Your task:
For the entries below, the result should be an exact transcription of the lines from the one with "by (induction es) auto" up to and including the one with "using assms unfolding", and only those.

Exercise input:
▬▬▬▬▬▬▬▬▬▬

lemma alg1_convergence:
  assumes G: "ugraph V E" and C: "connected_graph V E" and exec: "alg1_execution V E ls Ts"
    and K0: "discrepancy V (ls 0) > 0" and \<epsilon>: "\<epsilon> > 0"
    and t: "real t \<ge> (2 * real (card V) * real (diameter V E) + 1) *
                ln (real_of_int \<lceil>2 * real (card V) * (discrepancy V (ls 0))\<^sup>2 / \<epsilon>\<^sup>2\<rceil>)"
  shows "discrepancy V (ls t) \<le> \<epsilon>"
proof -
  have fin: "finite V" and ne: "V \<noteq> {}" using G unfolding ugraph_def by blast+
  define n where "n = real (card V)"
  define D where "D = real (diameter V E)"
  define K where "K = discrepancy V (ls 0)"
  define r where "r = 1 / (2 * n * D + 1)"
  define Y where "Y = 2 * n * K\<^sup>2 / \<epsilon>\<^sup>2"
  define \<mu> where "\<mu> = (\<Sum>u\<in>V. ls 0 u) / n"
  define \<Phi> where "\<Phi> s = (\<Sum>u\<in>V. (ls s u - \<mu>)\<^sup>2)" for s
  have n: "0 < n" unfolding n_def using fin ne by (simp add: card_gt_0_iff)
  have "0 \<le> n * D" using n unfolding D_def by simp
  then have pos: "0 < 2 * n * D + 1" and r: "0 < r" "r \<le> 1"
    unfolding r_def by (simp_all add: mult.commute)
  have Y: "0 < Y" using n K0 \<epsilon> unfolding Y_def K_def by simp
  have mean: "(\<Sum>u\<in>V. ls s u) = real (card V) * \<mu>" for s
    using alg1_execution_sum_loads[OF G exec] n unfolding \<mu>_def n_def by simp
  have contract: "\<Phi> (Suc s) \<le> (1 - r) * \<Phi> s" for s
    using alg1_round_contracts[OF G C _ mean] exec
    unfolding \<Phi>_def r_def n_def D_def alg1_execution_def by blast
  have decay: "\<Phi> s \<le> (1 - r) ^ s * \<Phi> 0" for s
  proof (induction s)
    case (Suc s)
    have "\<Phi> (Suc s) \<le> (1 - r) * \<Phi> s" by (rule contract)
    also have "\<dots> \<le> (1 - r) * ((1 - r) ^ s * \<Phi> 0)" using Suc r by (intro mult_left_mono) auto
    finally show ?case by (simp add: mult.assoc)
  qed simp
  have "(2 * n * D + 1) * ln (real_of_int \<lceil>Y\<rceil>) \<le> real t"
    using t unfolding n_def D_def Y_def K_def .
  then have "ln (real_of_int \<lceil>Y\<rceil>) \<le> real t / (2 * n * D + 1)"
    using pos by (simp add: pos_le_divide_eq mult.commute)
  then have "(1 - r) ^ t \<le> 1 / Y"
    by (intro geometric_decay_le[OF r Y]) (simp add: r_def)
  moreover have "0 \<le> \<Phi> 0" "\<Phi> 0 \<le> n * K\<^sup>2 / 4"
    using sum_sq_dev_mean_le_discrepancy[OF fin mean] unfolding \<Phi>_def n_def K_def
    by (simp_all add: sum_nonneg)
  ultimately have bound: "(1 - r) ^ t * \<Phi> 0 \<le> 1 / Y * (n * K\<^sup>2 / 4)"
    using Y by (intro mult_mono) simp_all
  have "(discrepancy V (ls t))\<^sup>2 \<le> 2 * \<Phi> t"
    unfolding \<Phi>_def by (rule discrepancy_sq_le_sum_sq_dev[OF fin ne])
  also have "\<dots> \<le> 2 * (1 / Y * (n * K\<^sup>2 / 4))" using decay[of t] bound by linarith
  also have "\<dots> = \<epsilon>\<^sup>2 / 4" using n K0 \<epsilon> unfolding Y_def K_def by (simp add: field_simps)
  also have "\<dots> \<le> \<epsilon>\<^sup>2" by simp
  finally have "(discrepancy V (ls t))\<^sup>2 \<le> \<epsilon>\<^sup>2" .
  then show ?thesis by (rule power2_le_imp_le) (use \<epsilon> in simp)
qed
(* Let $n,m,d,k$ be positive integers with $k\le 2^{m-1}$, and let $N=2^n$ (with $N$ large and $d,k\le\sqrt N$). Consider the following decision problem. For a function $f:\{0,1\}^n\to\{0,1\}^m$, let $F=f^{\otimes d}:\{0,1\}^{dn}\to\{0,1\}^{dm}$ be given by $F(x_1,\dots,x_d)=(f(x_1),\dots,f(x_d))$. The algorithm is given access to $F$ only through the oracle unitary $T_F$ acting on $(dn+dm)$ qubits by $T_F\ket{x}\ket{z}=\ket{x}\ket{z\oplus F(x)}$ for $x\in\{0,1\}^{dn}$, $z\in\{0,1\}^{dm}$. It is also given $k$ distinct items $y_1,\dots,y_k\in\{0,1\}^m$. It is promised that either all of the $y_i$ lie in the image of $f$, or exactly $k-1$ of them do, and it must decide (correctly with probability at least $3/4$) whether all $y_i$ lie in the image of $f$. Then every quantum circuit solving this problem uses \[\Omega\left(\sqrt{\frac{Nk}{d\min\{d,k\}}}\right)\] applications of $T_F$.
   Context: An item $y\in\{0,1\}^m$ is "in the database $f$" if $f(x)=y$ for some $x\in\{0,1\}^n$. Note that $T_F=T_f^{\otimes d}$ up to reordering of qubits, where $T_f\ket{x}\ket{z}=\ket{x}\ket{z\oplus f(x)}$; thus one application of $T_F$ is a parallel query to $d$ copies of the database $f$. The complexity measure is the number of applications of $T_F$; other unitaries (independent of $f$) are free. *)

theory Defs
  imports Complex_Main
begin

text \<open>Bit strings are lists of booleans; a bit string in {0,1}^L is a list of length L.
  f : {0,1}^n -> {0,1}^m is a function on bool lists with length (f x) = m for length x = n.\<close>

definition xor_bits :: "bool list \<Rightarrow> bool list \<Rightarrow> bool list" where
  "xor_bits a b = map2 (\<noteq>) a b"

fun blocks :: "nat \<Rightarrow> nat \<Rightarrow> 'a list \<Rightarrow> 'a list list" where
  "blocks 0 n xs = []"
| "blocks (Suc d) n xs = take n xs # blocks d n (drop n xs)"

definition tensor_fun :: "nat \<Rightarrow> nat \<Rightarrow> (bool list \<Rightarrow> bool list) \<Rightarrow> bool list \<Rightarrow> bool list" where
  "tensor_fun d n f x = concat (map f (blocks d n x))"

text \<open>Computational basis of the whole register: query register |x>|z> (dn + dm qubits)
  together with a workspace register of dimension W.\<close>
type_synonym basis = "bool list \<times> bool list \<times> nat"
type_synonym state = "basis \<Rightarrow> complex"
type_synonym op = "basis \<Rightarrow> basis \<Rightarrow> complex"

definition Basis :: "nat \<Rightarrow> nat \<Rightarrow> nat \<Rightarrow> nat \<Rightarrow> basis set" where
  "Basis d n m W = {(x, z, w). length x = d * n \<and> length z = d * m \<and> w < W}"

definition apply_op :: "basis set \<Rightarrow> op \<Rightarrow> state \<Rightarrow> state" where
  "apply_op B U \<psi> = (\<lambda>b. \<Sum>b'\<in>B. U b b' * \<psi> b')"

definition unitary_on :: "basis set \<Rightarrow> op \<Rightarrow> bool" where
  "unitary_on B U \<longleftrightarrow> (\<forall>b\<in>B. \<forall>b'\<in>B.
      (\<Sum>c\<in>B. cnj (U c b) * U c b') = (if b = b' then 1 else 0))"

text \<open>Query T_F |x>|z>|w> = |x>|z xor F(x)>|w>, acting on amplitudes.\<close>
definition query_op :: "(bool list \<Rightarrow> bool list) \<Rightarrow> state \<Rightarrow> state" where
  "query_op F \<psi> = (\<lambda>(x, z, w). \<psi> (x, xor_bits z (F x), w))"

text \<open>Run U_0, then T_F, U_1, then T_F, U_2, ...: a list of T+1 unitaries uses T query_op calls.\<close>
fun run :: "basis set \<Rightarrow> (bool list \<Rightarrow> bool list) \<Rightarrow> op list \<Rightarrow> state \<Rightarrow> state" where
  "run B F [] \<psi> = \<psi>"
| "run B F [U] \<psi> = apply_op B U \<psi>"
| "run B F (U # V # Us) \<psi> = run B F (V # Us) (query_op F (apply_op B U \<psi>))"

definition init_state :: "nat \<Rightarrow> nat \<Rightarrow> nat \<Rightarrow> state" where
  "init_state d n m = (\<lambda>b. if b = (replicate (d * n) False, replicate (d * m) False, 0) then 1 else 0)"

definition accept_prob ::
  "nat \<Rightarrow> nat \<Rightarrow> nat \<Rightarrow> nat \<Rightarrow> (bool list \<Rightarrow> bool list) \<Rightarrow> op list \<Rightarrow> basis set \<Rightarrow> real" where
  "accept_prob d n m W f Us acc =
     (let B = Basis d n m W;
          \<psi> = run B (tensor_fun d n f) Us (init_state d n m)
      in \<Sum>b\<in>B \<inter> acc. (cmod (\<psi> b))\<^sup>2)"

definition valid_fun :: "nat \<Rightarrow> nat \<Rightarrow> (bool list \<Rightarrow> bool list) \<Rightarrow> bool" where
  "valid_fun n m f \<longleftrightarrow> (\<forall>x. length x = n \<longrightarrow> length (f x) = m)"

▬▬▬▬▬▬▬▬▬▬

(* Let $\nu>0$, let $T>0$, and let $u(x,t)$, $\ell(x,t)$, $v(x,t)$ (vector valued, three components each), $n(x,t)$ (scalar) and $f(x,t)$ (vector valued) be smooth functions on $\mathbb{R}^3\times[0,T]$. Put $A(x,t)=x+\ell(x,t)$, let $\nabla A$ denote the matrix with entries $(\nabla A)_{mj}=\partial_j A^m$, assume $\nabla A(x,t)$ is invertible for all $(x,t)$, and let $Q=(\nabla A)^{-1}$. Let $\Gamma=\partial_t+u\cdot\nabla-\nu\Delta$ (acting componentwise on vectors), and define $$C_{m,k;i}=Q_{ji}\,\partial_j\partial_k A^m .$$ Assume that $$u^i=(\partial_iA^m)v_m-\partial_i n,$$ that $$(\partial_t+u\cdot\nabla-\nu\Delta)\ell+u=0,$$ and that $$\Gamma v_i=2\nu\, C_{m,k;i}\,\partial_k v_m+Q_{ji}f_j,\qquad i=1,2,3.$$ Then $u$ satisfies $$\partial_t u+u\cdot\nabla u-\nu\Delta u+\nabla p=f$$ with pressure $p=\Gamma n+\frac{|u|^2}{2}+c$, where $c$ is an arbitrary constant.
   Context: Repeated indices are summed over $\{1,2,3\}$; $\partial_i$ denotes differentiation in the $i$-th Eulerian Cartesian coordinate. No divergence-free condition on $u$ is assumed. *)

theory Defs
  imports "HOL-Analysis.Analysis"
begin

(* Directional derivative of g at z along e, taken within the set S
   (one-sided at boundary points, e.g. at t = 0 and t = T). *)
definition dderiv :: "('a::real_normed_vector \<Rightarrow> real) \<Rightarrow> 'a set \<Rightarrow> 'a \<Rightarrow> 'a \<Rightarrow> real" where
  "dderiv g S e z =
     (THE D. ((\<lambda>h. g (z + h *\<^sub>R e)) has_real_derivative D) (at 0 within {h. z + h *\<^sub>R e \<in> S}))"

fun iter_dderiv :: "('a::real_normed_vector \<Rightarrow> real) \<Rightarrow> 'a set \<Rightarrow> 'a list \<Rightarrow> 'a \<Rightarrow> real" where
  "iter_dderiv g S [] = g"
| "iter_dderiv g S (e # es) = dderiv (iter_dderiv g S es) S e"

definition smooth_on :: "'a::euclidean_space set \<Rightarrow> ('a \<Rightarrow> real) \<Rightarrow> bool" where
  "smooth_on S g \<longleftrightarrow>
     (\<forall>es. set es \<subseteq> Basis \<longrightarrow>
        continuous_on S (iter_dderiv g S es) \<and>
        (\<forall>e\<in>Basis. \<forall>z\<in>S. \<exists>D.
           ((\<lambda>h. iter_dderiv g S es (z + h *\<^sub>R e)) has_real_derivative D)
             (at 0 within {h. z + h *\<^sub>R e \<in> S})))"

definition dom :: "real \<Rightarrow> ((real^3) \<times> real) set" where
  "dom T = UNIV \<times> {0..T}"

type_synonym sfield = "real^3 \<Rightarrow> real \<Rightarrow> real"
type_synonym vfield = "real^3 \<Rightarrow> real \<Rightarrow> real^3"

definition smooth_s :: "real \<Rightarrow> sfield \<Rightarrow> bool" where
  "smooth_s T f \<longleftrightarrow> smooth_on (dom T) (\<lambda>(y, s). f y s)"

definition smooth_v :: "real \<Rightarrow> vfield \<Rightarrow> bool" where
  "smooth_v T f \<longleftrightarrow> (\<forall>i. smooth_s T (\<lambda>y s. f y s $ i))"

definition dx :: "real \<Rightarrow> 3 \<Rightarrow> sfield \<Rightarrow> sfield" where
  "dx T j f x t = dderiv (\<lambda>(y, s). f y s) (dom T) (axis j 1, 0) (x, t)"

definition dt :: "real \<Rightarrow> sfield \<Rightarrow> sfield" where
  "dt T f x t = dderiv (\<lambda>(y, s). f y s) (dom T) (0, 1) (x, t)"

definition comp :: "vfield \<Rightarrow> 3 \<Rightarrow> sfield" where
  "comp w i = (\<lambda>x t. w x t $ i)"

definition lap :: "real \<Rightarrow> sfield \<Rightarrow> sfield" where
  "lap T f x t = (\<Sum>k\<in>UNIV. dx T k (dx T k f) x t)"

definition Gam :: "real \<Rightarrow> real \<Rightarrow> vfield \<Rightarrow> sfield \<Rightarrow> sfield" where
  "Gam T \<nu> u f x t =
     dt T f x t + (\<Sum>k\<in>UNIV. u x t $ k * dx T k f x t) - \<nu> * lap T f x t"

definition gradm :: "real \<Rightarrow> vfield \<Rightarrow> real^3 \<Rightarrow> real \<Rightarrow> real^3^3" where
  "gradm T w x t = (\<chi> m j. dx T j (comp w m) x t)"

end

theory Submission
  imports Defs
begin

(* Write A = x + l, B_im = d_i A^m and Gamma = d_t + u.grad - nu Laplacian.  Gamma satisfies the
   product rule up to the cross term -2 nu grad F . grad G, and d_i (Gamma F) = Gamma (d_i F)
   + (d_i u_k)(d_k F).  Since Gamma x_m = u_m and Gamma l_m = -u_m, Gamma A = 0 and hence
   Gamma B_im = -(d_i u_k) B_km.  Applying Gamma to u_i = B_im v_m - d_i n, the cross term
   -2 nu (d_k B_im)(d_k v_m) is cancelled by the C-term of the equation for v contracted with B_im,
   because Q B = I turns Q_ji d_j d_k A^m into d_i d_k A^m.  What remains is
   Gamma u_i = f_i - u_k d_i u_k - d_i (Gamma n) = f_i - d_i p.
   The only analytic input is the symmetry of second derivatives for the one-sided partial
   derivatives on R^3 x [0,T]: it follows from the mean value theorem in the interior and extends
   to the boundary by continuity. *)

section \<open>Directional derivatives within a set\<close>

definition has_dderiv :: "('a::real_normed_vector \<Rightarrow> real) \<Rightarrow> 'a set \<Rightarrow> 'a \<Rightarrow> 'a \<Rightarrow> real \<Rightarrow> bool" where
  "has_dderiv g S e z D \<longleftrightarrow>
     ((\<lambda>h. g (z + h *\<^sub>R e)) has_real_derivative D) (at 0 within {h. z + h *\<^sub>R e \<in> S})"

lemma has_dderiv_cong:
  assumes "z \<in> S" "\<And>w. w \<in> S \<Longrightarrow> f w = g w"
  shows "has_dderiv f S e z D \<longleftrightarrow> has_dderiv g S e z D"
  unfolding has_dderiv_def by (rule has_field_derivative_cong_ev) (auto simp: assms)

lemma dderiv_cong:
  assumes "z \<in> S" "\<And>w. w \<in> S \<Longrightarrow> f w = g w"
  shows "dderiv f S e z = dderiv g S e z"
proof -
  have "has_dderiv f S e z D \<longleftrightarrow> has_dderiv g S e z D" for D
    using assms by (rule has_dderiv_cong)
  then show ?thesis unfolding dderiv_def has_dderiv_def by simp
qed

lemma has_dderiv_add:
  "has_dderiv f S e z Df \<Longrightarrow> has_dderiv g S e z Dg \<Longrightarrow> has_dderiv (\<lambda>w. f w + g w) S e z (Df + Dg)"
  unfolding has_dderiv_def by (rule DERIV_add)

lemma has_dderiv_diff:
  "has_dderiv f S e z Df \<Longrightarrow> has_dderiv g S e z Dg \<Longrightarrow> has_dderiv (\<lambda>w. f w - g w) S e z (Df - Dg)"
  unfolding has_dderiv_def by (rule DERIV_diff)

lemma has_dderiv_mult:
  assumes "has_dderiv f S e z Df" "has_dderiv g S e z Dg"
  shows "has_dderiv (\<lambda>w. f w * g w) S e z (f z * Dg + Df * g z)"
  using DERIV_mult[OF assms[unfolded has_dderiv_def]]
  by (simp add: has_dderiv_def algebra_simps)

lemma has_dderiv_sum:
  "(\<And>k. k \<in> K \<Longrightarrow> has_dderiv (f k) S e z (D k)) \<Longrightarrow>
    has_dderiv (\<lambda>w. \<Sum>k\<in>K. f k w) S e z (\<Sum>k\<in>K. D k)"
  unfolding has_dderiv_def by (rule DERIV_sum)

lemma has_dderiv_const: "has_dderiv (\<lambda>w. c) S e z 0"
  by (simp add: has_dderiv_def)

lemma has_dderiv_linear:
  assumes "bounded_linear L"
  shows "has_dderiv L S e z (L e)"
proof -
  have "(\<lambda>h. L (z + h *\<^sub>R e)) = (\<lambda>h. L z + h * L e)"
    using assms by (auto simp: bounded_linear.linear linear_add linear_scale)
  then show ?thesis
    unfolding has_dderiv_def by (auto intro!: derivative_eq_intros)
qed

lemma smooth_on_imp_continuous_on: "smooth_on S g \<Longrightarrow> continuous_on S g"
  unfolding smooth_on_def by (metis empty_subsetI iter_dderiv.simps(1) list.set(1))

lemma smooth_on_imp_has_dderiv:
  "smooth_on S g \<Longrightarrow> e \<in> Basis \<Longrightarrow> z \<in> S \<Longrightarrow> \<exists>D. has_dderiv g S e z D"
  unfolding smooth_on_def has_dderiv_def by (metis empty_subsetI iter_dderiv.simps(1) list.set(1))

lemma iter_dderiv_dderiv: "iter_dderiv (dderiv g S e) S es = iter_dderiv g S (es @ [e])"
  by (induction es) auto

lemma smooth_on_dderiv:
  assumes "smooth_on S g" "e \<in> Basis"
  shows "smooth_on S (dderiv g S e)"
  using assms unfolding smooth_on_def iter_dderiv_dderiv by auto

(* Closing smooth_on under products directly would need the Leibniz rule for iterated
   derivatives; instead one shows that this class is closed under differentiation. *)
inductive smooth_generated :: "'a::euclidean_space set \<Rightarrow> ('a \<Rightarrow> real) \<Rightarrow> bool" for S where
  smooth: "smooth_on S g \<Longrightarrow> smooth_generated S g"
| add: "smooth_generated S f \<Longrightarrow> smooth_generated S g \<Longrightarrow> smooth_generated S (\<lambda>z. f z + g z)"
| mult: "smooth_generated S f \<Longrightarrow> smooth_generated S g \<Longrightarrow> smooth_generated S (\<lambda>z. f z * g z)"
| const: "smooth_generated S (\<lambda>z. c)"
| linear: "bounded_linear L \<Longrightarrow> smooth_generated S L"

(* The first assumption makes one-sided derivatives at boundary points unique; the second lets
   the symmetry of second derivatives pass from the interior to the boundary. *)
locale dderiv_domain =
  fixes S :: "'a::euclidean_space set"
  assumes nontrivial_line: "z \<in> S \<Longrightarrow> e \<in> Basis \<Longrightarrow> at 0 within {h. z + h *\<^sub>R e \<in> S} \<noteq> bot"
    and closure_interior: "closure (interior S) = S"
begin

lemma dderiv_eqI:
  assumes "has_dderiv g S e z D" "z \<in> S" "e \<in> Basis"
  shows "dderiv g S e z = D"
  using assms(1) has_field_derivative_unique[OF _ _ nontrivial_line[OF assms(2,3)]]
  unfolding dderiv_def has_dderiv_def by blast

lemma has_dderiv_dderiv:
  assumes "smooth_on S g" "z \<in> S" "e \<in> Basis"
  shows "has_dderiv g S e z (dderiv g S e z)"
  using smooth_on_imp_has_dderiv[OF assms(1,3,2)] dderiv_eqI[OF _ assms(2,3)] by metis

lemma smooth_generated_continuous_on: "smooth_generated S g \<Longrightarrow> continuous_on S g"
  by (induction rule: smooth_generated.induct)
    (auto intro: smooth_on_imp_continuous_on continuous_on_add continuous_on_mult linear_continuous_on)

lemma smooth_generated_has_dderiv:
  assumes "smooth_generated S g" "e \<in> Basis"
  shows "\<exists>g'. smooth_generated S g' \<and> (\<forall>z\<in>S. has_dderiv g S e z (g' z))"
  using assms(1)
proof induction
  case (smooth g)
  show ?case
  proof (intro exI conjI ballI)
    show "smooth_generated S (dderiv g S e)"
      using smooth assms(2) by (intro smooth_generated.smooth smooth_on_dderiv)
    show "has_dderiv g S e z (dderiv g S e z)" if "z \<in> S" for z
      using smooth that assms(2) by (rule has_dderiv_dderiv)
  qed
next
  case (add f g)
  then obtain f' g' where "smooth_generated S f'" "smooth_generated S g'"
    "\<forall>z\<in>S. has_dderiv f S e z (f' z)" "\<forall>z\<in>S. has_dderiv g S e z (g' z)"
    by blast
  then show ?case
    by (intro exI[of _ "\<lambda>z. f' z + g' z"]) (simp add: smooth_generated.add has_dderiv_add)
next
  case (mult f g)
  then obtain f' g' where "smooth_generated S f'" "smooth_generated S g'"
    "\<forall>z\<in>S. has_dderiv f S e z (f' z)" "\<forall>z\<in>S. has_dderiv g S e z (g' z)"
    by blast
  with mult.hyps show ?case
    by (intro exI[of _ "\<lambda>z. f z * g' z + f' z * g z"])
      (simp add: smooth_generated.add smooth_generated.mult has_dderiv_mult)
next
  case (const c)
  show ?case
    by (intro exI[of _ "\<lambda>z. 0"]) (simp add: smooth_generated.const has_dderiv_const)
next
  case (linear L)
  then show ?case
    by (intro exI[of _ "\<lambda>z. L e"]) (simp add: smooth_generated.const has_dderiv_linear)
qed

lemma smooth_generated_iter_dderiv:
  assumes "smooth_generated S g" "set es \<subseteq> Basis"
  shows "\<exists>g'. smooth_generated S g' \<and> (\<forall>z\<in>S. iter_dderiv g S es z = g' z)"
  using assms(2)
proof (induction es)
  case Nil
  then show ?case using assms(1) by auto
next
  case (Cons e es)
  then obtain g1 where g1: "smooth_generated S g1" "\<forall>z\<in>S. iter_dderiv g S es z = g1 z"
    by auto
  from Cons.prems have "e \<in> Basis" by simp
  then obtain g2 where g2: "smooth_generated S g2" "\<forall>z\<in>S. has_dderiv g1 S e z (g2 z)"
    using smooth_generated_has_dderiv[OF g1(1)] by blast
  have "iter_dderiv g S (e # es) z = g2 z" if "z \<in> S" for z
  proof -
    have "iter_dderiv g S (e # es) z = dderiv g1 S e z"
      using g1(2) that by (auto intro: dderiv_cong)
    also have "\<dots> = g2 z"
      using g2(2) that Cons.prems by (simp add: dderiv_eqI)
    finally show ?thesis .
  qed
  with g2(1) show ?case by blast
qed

▬▬▬▬▬▬▬▬▬▬

Completed exercise:
  by (induction es) auto

lemma smooth_on_dderiv:
  assumes "smooth_on S g" "e \<in> Basis"
  shows "smooth_on S (dderiv g S e)"
  using assms unfolding smooth_on_def iter_dderiv_dderiv by auto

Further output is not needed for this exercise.